> [WHAT TO DO] Wherever the string "ymax" appears in the entries below, return the line that holds it.

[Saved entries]

(* Let $d\in\{2,3\}$, $r_s>0$ and $0<\delta<0.75$. Let robot $i$ have random position $\mathbf{p}_i\sim\mathcal{N}(\hat{\mathbf{p}}_i,\Sigma_i)$ in $\mathbb{R}^d$, and let $o$ be an uncertain obstacle $\mathcal{O}_o=\{\mathbf{x}+\mathbf{d}_o:\mathbf{x}\in\hat{\mathcal{O}}_o\}$ with $\hat{\mathcal{O}}_o\subset\mathbb{R}^d$ a bounded convex polytope and $\mathbf{d}_o\sim\mathcal{N}(0,\Sigma_o)$ ($\Sigma_o$ positive definite), with $\mathbf{d}_o$ independent of $\mathbf{p}_i$. Let $(\mathbf{a}_{io},b_{io})$ be the robot-obstacle uncertainty-aware separating hyperplane constructed as in the context, and suppose $\hat{\mathbf{p}}_i\in\mathcal{V}_i^{u,b}$ (so in particular $\mathbf{a}_{io}^T\hat{\mathbf{p}}_i\le b_{io}-r_s\|\mathbf{a}_{io}\|-\sqrt{2\mathbf{a}_{io}^T\Sigma_i\mathbf{a}_{io}}\,\mathrm{erf}^{-1}(2\sqrt{1-\delta}-1)$). Then $$\Pr\big(\mathrm{dis}(\mathbf{p}_i,\mathcal{O}_o)\ge r_s\big)\ge 1-\delta,$$ where $\mathrm{dis}(\mathbf{p},\mathcal{O})=\min_{\mathbf{q}\in\mathcal{O}}\|\mathbf{p}-\mathbf{q}\|$.
   Context: Construction of $(\mathbf{a}_{io},b_{io})$: let $W=(\sqrt{\Sigma_o})^{-1}$, $\hat{\mathbf{p}}_i^W=W\hat{\mathbf{p}}_i$, $\hat{\mathcal{O}}_o^W=W\hat{\mathcal{O}}_o$ (so $W\mathbf{d}_o\sim\mathcal{N}(0,I)$). Let $\epsilon=1-\sqrt{1-\delta}$ and $F^{-1}$ the inverse CDF of the chi-squared distribution with $d$ degrees of freedom. Let $\mathcal{S}_o^W$ be a convex polytope, obtained by dilating $\hat{\mathcal{O}}_o^W$, that contains the Minkowski sum $\hat{\mathcal{O}}_o^W+\{\mathbf{d}:\mathbf{d}^T\mathbf{d}\le F^{-1}(1-\epsilon)\}$, with vertices $\psi_1^W,\dots,\psi_{p_o}^W$ (assume $\hat{\mathbf{p}}_i^W\notin\mathcal{S}_o^W$). Solve the quadratic program $\min \|\mathbf{a}^W\|^2$ s.t. $(\mathbf{a}^W)^T\hat{\mathbf{p}}_i^W-b^W\le 1$ (stated as $-1$ side separation in SVM form) and $(\mathbf{a}^W)^T\psi_k^W-b^W\ge 1$ for all $k$, then shift the resulting hyperplane along its normal toward $\mathcal{S}_o^W$ until it touches $\mathcal{S}_o^W$, giving $(\mathbf{a}_{io}^W,b_{io}^W)$ with $\mathcal{S}_o^W\subseteq\{\mathbf{y}:(\mathbf{a}_{io}^W)^T\mathbf{y}\ge b_{io}^W\}$. Finally set $\mathbf{a}_{io}=W^T\mathbf{a}_{io}^W$, $b_{io}=b_{io}^W$. The B-UAVC of robot $i$ is $\mathcal{V}_i^{u,b}=\{\mathbf{p}:\mathbf{a}_{il}^T\mathbf{p}\le b_{il}-r_s\|\mathbf{a}_{il}\|-\sqrt{2\mathbf{a}_{il}^T\Sigma_i\mathbf{a}_{il}}\,\mathrm{erf}^{-1}(2\sqrt{1-\delta}-1)\ \forall l\neq i\}$, the intersection over all other robots and obstacles $l$ of such buffered half-spaces, with $\mathrm{erf}(x)=\frac{2}{\sqrt\pi}\int_0^xe^{-t^2}dt$. *)

theory Defs
  imports "HOL-Analysis.Analysis" "HOL-Probability.Probability"
begin

definition sym_mat :: "real^'n^'n \<Rightarrow> bool" where
  "sym_mat S \<longleftrightarrow> transpose S = S"

definition psd_mat :: "real^'n^'n \<Rightarrow> bool" where
  "psd_mat S \<longleftrightarrow> sym_mat S \<and> (\<forall>x. 0 \<le> x \<bullet> (S *v x))"

definition pd_mat :: "real^'n^'n \<Rightarrow> bool" where
  "pd_mat S \<longleftrightarrow> sym_mat S \<and> (\<forall>x. x \<noteq> 0 \<longrightarrow> 0 < x \<bullet> (S *v x))"

definition normal_measure :: "real \<Rightarrow> real \<Rightarrow> real measure" where
  "normal_measure m v =
     (if v = 0 then return borel m else density lborel (normal_density m (sqrt v)))"
(* Let $\kappa \ge 1$ and let $\epsilon_T$ satisfy $0<\epsilon_T<3\kappa$. Set $$y_{\max} = \kappa\sqrt{2\ln\!\left(\tfrac{3\kappa}{\epsilon_T}\right)},\qquad z_{\max} = \sqrt{2\ln\!\left(\tfrac{3\kappa}{\epsilon_T}\right)}.$$ Then $$\sup_{x\in\mathcal{D}_\kappa}\left|\frac{i}{\sqrt{2\pi}}\int_0^{y_{\max}}dy\int_{-z_{\max}}^{z_{\max}}dz\; z e^{-z^2/2}e^{-ixyz} \;-\; \frac{1}{x}\right| \le \epsilon_T ,$$ where $\mathcal{D}_\kappa=[-1,-1/\kappa]\cup[1/\kappa,1]$.
   Context: For $x\neq 0$ one has the integral representation $x^{-1} = \frac{i}{\sqrt{2\pi}}\int_0^\infty dy\int_{-\infty}^{\infty}dz\, z e^{-z^2/2}e^{-ixyz}$; the displayed double integral with finite limits $y_{\max},z_{\max}>0$ is its truncation. *)

theory Defs
  imports "HOL-Analysis.Analysis"
begin

definition D_kappa :: "real \<Rightarrow> real set" where
  "D_kappa \<kappa> = {-1..-1/\<kappa>} \<union> {1/\<kappa>..1}"

definition trunc_inv :: "real \<Rightarrow> real \<Rightarrow> real \<Rightarrow> complex" where
  "trunc_inv ymax zmax x =
     (\<i> / complex_of_real (sqrt (2 * pi))) *
     integral {0..ymax} (\<lambda>y. integral {-zmax..zmax}
        (\<lambda>z. complex_of_real (z * exp (- (z^2) / 2)) * exp (- \<i> * complex_of_real (x * y * z))))"

end

theory Submission
  imports Defs "HOL-Probability.Characteristic_Functions"
begin

(* Integrating out y first (Fubini for the continuous integrand) turns the truncated integral into
   (1/x) * int_{-Z}^{Z} phi(z) (1 - exp(-i x Y z)) dz, with phi the standard normal density. Over the
   whole line this would be (1/x) (1 - exp(-(xY)^2/2)) by the characteristic function of the normal
   distribution, and since |1 - exp(i theta)| <= 2, cutting the line down to [-Z, Z] costs at most
   2 P(|N| > Z) <= 2 exp(-Z^2/2); this Gaussian tail bound follows from
   phi(x) <= exp(-Z^2/2) phi(x - Z) for x >= Z >= 0. For |x| >= 1/kappa and Y = kappa Z the total
   error is therefore at most 3 kappa exp(-Z^2/2), which is exactly epsilon_T for the chosen Z. *)

lemma std_normal_density_minus [simp]: "std_normal_density (- x) = std_normal_density x"
  by (simp add: normal_density_def)

lemma set_integrable_std_normal_density [simp, intro]:
  "A \<in> sets borel \<Longrightarrow> set_integrable lborel A std_normal_density"
  unfolding set_integrable_def by (intro integrable_mult_indicator) auto

lemma std_normal_density_le_shift:
  fixes Z x :: real
  assumes "0 \<le> Z" "Z \<le> x"
  shows "std_normal_density x \<le> exp (- (Z^2) / 2) * std_normal_density (x - Z)"
proof -
  have "- (x^2) / 2 \<le> - (Z^2) / 2 + - ((x - Z)^2) / 2"
    using mult_nonneg_nonneg[of Z "x - Z"] assms by (simp add: power2_eq_square algebra_simps)
  then have "exp (- (x^2) / 2) \<le> exp (- (Z^2) / 2) * exp (- ((x - Z)^2) / 2)"
    by (simp flip: exp_add)
  then show ?thesis
    by (simp add: std_normal_density_def divide_right_mono)
qed

lemma std_normal_upper_tail_le_half_line:
  fixes Z :: real
  assumes "0 \<le> Z"
  shows "(LBINT x:{Z<..}. std_normal_density x)
           \<le> exp (- (Z^2) / 2) * (LBINT x:{0<..}. std_normal_density x)"
proof -
  have shift: "(LBINT x:{0<..}. std_normal_density x) = (LBINT x:{Z<..}. std_normal_density (x - Z))"
    unfolding set_lebesgue_integral_def
    by (subst lborel_integral_real_affine[where c = 1 and t = Z])
       (auto intro!: Bochner_Integration.integral_cong split: split_indicator)
  have "set_integrable lborel {Z<..} (\<lambda>x. std_normal_density (x - Z))"
    unfolding set_integrable_def
    using integrable_mult_indicator[OF _ lborel_integrable_real_affine[of std_normal_density 1 "- Z"]]
    by simp
  then have "(LBINT x:{Z<..}. std_normal_density x)
               \<le> (LBINT x:{Z<..}. exp (- (Z^2) / 2) * std_normal_density (x - Z))"
    using assms by (intro set_integral_mono std_normal_density_le_shift) auto
  then show ?thesis
    by (simp add: shift)
qed

lemma std_normal_two_tails:
  fixes Z :: real
  assumes "0 \<le> Z"
  shows "(LBINT x:- {-Z..Z}. std_normal_density x) = 2 * (LBINT x:{Z<..}. std_normal_density x)"
proof -
  have "(LBINT x:{..<-Z}. std_normal_density x) = (LBINT x:{Z<..}. std_normal_density x)"
    unfolding set_lebesgue_integral_def
    by (subst lborel_integral_real_affine[where c = "-1" and t = 0])
       (auto intro!: Bochner_Integration.integral_cong split: split_indicator)
  moreover have "{..<-Z} \<inter> {Z<..} = {}"
    using assms by auto
  moreover have "- {-Z..Z} = {..<-Z} \<union> {Z<..}"
    by auto
  ultimately show ?thesis
    by (simp add: set_integral_Un)
qed

lemma std_normal_half_line_le: "(LBINT x:{0<..}. std_normal_density x) \<le> 1 / 2"
proof -
  have "(LBINT x:- {0..0}. std_normal_density x) \<le> (\<integral>x. std_normal_density x \<partial>lborel)"
    unfolding set_lebesgue_integral_def
    by (intro integral_mono integrable_mult_indicator) (auto split: split_indicator)
  then show ?thesis
    using std_normal_two_tails[of 0] by simp
qed

lemma std_normal_two_tails_le:
  fixes Z :: real
  assumes "0 \<le> Z"
  shows "(LBINT x:- {-Z..Z}. std_normal_density x) \<le> exp (- (Z^2) / 2)"
proof -
  have "(LBINT x:{Z<..}. std_normal_density x) \<le> exp (- (Z^2) / 2) * (1 / 2)"
    using std_normal_upper_tail_le_half_line[OF assms] mult_left_mono[OF std_normal_half_line_le]
    by (meson exp_ge_zero order_trans)
  then show ?thesis
    by (simp add: std_normal_two_tails[OF assms])
qed

lemma std_normal_fourier:
  "(\<integral>z. std_normal_density z *\<^sub>R exp (\<i> * complex_of_real (t * z)) \<partial>lborel)
     = complex_of_real (exp (- (t^2) / 2))"
proof -
  have "char std_normal_distribution t = complex_of_real (exp (- (t^2) / 2))"
    by (simp add: char_std_normal_distribution)
  then show ?thesis
    unfolding char_def by (subst (asm) integral_density) (auto simp: mult.assoc)
qed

> [SOLUTION TO THE EXERCISE]
  "trunc_inv ymax zmax x =
     integral {0..ymax} (\<lambda>y. integral {-zmax..zmax}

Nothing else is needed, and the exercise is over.